» TASK ITEM: The output is to match the entries below character for character.
##########
lemma Lp_bounded_imp_norm_flow_le:
  assumes Lp: "Lp_bounded S \<phi> p k" and "p > 0" "k > 0"
    and "0 \<le> a" "a < t" "\<sigma> \<in> S" "B > 0"
    and growth: "\<And>r y \<sigma>'. r \<in> {0..t - a} \<Longrightarrow> \<sigma>' \<in> S \<Longrightarrow> norm (\<phi> r y \<sigma>') \<le> B * norm y"
  shows "norm (\<phi> t x \<sigma>) \<le> B * k * norm x / (t - a) powr (1 / p)"
proof -
  let ?y = "norm (\<phi> t x \<sigma>) / B"
  have "?y powr p \<le> norm (\<phi> s x \<sigma>) powr p" if "s \<in> {a..t}" for s
  proof -
    have "norm (\<phi> t x \<sigma>) \<le> B * norm (\<phi> s x \<sigma>)"
      using that assms by (intro norm_flow_le_from[OF _ _ _ growth]) auto
    then have "?y \<le> norm (\<phi> s x \<sigma>)"
      using \<open>B > 0\<close> by (simp add: pos_divide_le_eq mult.commute)
    then show ?thesis
      using \<open>B > 0\<close> \<open>p > 0\<close> by (intro powr_mono2) auto
  qed
  then have "ennreal ((t - a) * ?y powr p)
      \<le> (\<integral>\<^sup>+ s\<in>{0..}. ennreal (norm (\<phi> s x \<sigma>) powr p) \<partial>lborel)"
    using assms by (intro nn_integral_halfline_ge_interval) auto
  also have "\<dots> \<le> ennreal (k powr p * norm x powr p)"
    using Lp \<open>\<sigma> \<in> S\<close> unfolding Lp_bounded_def by blast
  finally have "(t - a) * ?y powr p \<le> k powr p * norm x powr p"
    by (simp add: ennreal_le_iff)
  then have "?y powr p \<le> k powr p * norm x powr p / (t - a)"
    using \<open>a < t\<close> by (simp add: pos_le_divide_eq mult.commute)
  also have "\<dots> = (k * norm x / (t - a) powr (1 / p)) powr p"
    using \<open>a < t\<close> \<open>p > 0\<close> by (simp only: powr_divide powr_mult powr_powr) simp
  finally have "?y powr p \<le> (k * norm x / (t - a) powr (1 / p)) powr p" .
  then have "?y \<le> k * norm x / (t - a) powr (1 / p)"
    by (rule powr_le_imp_le[OF _ \<open>p > 0\<close>, rotated]) (use \<open>k > 0\<close> in simp)
  then have "B * ?y \<le> B * (k * norm x / (t - a) powr (1 / p))"
    using \<open>B > 0\<close> by (intro mult_left_mono) simp_all
  then show ?thesis
    using \<open>B > 0\<close> by simp
qed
##########
» TASK RESULT:
lemma Lp_bounded_imp_norm_flow_le:
  assumes Lp: "Lp_bounded S \<phi> p k" and "p > 0" "k > 0"
    and "0 \<le> a" "a < t" "\<sigma> \<in> S" "B > 0"
    and growth: "\<And>r y \<sigma>'. r \<in> {0..t - a} \<Longrightarrow> \<sigma>' \<in> S \<Longrightarrow> norm (\<phi> r y \<sigma>') \<le> B * norm y"
  shows "norm (\<phi> t x \<sigma>) \<le> B * k * norm x / (t - a) powr (1 / p)"
proof -
  let ?y = "norm (\<phi> t x \<sigma>) / B"
  have "?y powr p \<le> norm (\<phi> s x \<sigma>) powr p" if "s \<in> {a..t}" for s
  proof -
    have "norm (\<phi> t x \<sigma>) \<le> B * norm (\<phi> s x \<sigma>)"
      using that assms by (intro norm_flow_le_from[OF _ _ _ growth]) auto
    then have "?y \<le> norm (\<phi> s x \<sigma>)"
      using \<open>B > 0\<close> by (simp add: pos_divide_le_eq mult.commute)
    then show ?thesis
      using \<open>B > 0\<close> \<open>p > 0\<close> by (intro powr_mono2) auto
  qed
  then have "ennreal ((t - a) * ?y powr p)
      \<le> (\<integral>\<^sup>+ s\<in>{0..}. ennreal (norm (\<phi> s x \<sigma>) powr p) \<partial>lborel)"
    using assms by (intro nn_integral_halfline_ge_interval) auto
  also have "\<dots> \<le> ennreal (k powr p * norm x powr p)"
    using Lp \<open>\<sigma> \<in> S\<close> unfolding Lp_bounded_def by blast
  finally have "(t - a) * ?y powr p \<le> k powr p * norm x powr p"
    by (simp add: ennreal_le_iff)
  then have "?y powr p \<le> k powr p * norm x powr p / (t - a)"
    using \<open>a < t\<close> by (simp add: pos_le_divide_eq mult.commute)
  also have "\<dots> = (k * norm x / (t - a) powr (1 / p)) powr p"
    using \<open>a < t\<close> \<open>p > 0\<close> by (simp only: powr_divide powr_mult powr_powr) simp
  finally have "?y powr p \<le> (k * norm x / (t - a) powr (1 / p)) powr p" .
  then have "?y \<le> k * norm x / (t - a) powr (1 / p)"
    by (rule powr_le_imp_le[OF _ \<open>p > 0\<close>, rotated]) (use \<open>k > 0\<close> in simp)
  then have "B * ?y \<le> B * (k * norm x / (t - a) powr (1 / p))"
    using \<open>B > 0\<close> by (intro mult_left_mono) simp_all
  then show ?thesis
    using \<open>B > 0\<close> by simp
qed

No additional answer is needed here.